Estimated ATE using TARNet: -0.0584


In [8]:
# Compute true ATE
X_test_array = X_test_features.values
true_ite = true_effect(X_test_array)
true_ate = np.mean(true_ite)
print(f"True ATE:    {true_ate:.4f}")

True ATE:    -0.0276


### Double Machine Learning

TAR-Net still suffers a few problems:


*   does not support other machine learning models
*   only applies to binary treatment
*   no uncertainty quantification

Double ML provides a framework that leverage general machine learning models to obtain **unbiased** causal effect estimates with *fast convergence* and *confidence intervals*, and it is still among the best methods in causal effect estimation. (You just need to know such a method exists. Further reading: [link](https://econml.azurewebsites.net/spec/estimation/dml.html))

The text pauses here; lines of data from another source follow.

(* Let $Y$ be a normed linear space, $F\subset\mathbb R^n$, $x\in F\cap\operatorname{der}F$, $f\colon F\to Y$, and let $L\in\mathcal L(\mathbb R^n,Y)$ be a relative strict derivative of $f$ at $x$ (with respect to $F$). Let $v_1,\dots,v_n\in\operatorname{Ptg}(F,x)$ be unit vectors and $|\det(v_1,\dots,v_n)|>d>0$. Then $$\|L\|_{\mathcal L(\mathbb R^n,Y)}\le\limsup_{\substack{y\to x,\ z\to x\\ y,z\in F,\ y\ne z}}\frac nd\,\frac{\|f(y)-f(z)\|_Y}{|y-z|}.$$
   Context: $\operatorname{der}F$ is the set of accumulation points of $F$. The paratingent cone $\operatorname{Ptg}(F,x)$ is the set of $v\in\mathbb R^n$ for which there are $x_k,y_k\in F$ and $\alpha_k\in\mathbb R$ ($k\in\mathbb N$) with $x_k\to x$, $y_k\to x$ and $\alpha_k(y_k-x_k)\to v$. $L$ is a relative strict derivative of $f$ at $x$ if $x$ is isolated in $F$ or $\|f(y)-f(z)-L(y-z)\|/|y-z|\to0$ as $y,z\to x$, $y,z\in F$, $y\ne z$ (with $y=x$ or $z=x$ allowed). *)

theory Defs
  imports "HOL-Analysis.Analysis"
begin

definition pair_filter :: "'a::real_normed_vector set \<Rightarrow> 'a \<Rightarrow> ('a \<times> 'a) filter" where
  "pair_filter F x = at (x, x) within {(y, z). y \<in> F \<and> z \<in> F \<and> y \<noteq> z}"

definition Ptg :: "'a::real_normed_vector set \<Rightarrow> 'a \<Rightarrow> 'a set" where
  "Ptg F x = {v. \<exists>xs ys (\<alpha>::nat \<Rightarrow> real).
      (\<forall>k. xs k \<in> F \<and> ys k \<in> F) \<and> xs \<longlonglongrightarrow> x \<and> ys \<longlonglongrightarrow> x \<and>
      (\<lambda>k. \<alpha> k *\<^sub>R (ys k - xs k)) \<longlonglongrightarrow> v}"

## Causal Inference for Machine Learning

We will not go into technical detail in this section but aim to provide you with a high-level intuition on how causality can help predictions.

The standard machine-learning pipeline assumes that the test examples are I.I.D as the training data distribution. However, in practice, this is often violated. For instance, we train an imaging model to read CT scans using data from NYU Langone, will this model do well if it is deployed in other countries w. different imaging equipment and lighting conditions?

![OOD-eg](https://github.com/dapivei/causal-infere/blob/main/images/OOD.png?raw=true)

image credit: [link](https://arxiv.org/abs/1911.08731)

We hope to build models that are robust to changes to test distribution, i.e., achieving out-of-distribution generalization. Why is this difficult?

During training, the model can easily pick up on predictive signals from features that are relevant in distribution, e.g., image background. This relationship will not hold in other data distributions.

However, causal relationships are reliable associations across different distributions. We can formalize it through causality so that we can build models that only rely on causal features/representations.